Determinists vs Libertarians
Episode #9 of the course “Philosophical ideas that everyone should know”
As awesome as it is to believe in free will, doing so presents a problem. Humans need to balance a supposed free spirit with the ideas suggested by science. The idea of determinism states that every situation in the world is caused by something else, which, in turn was caused by some catalyst that came before that. But if some previous event determines all of our actions and choices, how is free will possibly true? Further, are we even responsible for our actions? Determinism challenges the idea of acting unfettered and existing as moral beings. This approach elicits strong philosophical responses, and the following stand out among them.
Experts in the field maintain determinism as true and see free will as an illusion. That is, each happening has a cause, and we could not have acted differently. Therefore, punishment and praise for actions is not correct. Still other determinists accept determinism while incorporating free will. They believe that it is possible to act differently despite previous causal events. This idea gives soft determinists a sufficient understanding of freedom of action. They believe that cause determination is not necessary, only that one is not coerced in exercising choice. This kind of decision is subject to regular moral judgment.
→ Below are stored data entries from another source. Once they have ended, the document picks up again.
(* Let $H$ be a graph (possibly with loops) on $n$ vertices. Then for any integer $c\geq 2n$, the independence number of the exponential graph satisfies $\alpha(\mathcal{E}_c(H))\leq n c^{n-1}$.
   Context: For a finite graph $H$ (no multiple edges, loops allowed) and integer $c\ge 1$, two maps $\phi_1,\phi_2:V(H)\to[c]$ are co-proper if $\phi_1(u)\ne\phi_2(v)$ whenever $u\sim v$ in $H$. The exponential graph $\mathcal{E}_c(H)$ has vertex set $[c]^{V(H)}$, with $\phi_1\sim\phi_2$ iff they are co-proper. An independent set is a set of vertices no two distinct members of which are adjacent; $\alpha$ is the maximum size of an independent set. *)

theory Defs
  imports "HOL-Library.FuncSet"
begin

text \<open>A finite graph H (loops allowed, no multiple edges) is given by a finite vertex set V
and a symmetric adjacency relation E (E u u allowed = loop at u).
Colour set [c] = {1..c}.\<close>

definition graph_on :: "'a set \<Rightarrow> ('a \<Rightarrow> 'a \<Rightarrow> bool) \<Rightarrow> bool" where
  "graph_on V E \<longleftrightarrow> finite V \<and> (\<forall>u v. E u v \<longrightarrow> u \<in> V \<and> v \<in> V) \<and> (\<forall>u v. E u v \<longrightarrow> E v u)"

definition exp_verts :: "'a set \<Rightarrow> nat \<Rightarrow> ('a \<Rightarrow> nat) set" where
  "exp_verts V c = (V \<rightarrow>\<^sub>E {1..c})"

definition co_proper :: "'a set \<Rightarrow> ('a \<Rightarrow> 'a \<Rightarrow> bool) \<Rightarrow> ('a \<Rightarrow> nat) \<Rightarrow> ('a \<Rightarrow> nat) \<Rightarrow> bool" where
  "co_proper V E \<phi>1 \<phi>2 \<longleftrightarrow> (\<forall>u\<in>V. \<forall>v\<in>V. E u v \<longrightarrow> \<phi>1 u \<noteq> \<phi>2 v)"

definition exp_indep :: "'a set \<Rightarrow> ('a \<Rightarrow> 'a \<Rightarrow> bool) \<Rightarrow> nat \<Rightarrow> ('a \<Rightarrow> nat) set \<Rightarrow> bool" where
  "exp_indep V E c S \<longleftrightarrow> S \<subseteq> exp_verts V c \<and>
     (\<forall>\<phi>1\<in>S. \<forall>\<phi>2\<in>S. \<phi>1 \<noteq> \<phi>2 \<longrightarrow> \<not> co_proper V E \<phi>1 \<phi>2)"

definition exp_alpha :: "'a set \<Rightarrow> ('a \<Rightarrow> 'a \<Rightarrow> bool) \<Rightarrow> nat \<Rightarrow> nat" where
  "exp_alpha V E c = Max (card ` {S. exp_indep V E c S})"

end

theory Submission
  imports Defs
begin

(* Katona's cycle method. Two distinct members of an independent set of E_c(H) are not
   co-proper, so their images meet: the set is an intersecting family of maps V -> [c].
   Fix k and consider the members whose image has exactly k colours. Enumerate the colours
   cyclically by a bijection sigma : Z_c -> [c] and map V onto {0, ..., k-1} by some psi.
   The c rotations of psi, relabelled by sigma, have as images the sigma-images of the c
   cyclic intervals of length k in Z_c, and for 2k <= c at most k of these intervals can
   pairwise meet. As sigma and psi vary, every map with k colours in its image is hit
   equally often, so at most a fraction k/c of those maps belong to the family; summing
   over k <= n gives alpha <= n c^(n-1). *)

lemma card_filter_eq_sum: "finite A \<Longrightarrow> card {x \<in> A. P x} = (\<Sum>x\<in>A. if P x then 1 else 0)"
  by (simp add: sum.inter_filter[symmetric])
Libertarians support determinism as conflicting with free will, and consequently reject determinism. However, they also dismiss the assertion of soft determinists, which explains that we could have acted differently if we had a choice. Libertarians also see this as causally determined. As such, libertarians believe in free will and not in the predetermination of action. Libertarians still need to explain how an action happens indeterminately—mainly how an uncaused event can avoid being random because randomness and determinism are equally problematic. Skeptics suspect that a “belief black hole” is central to libertarianism and that libertarians leave this idea to the unknown, where other views present at least some theory.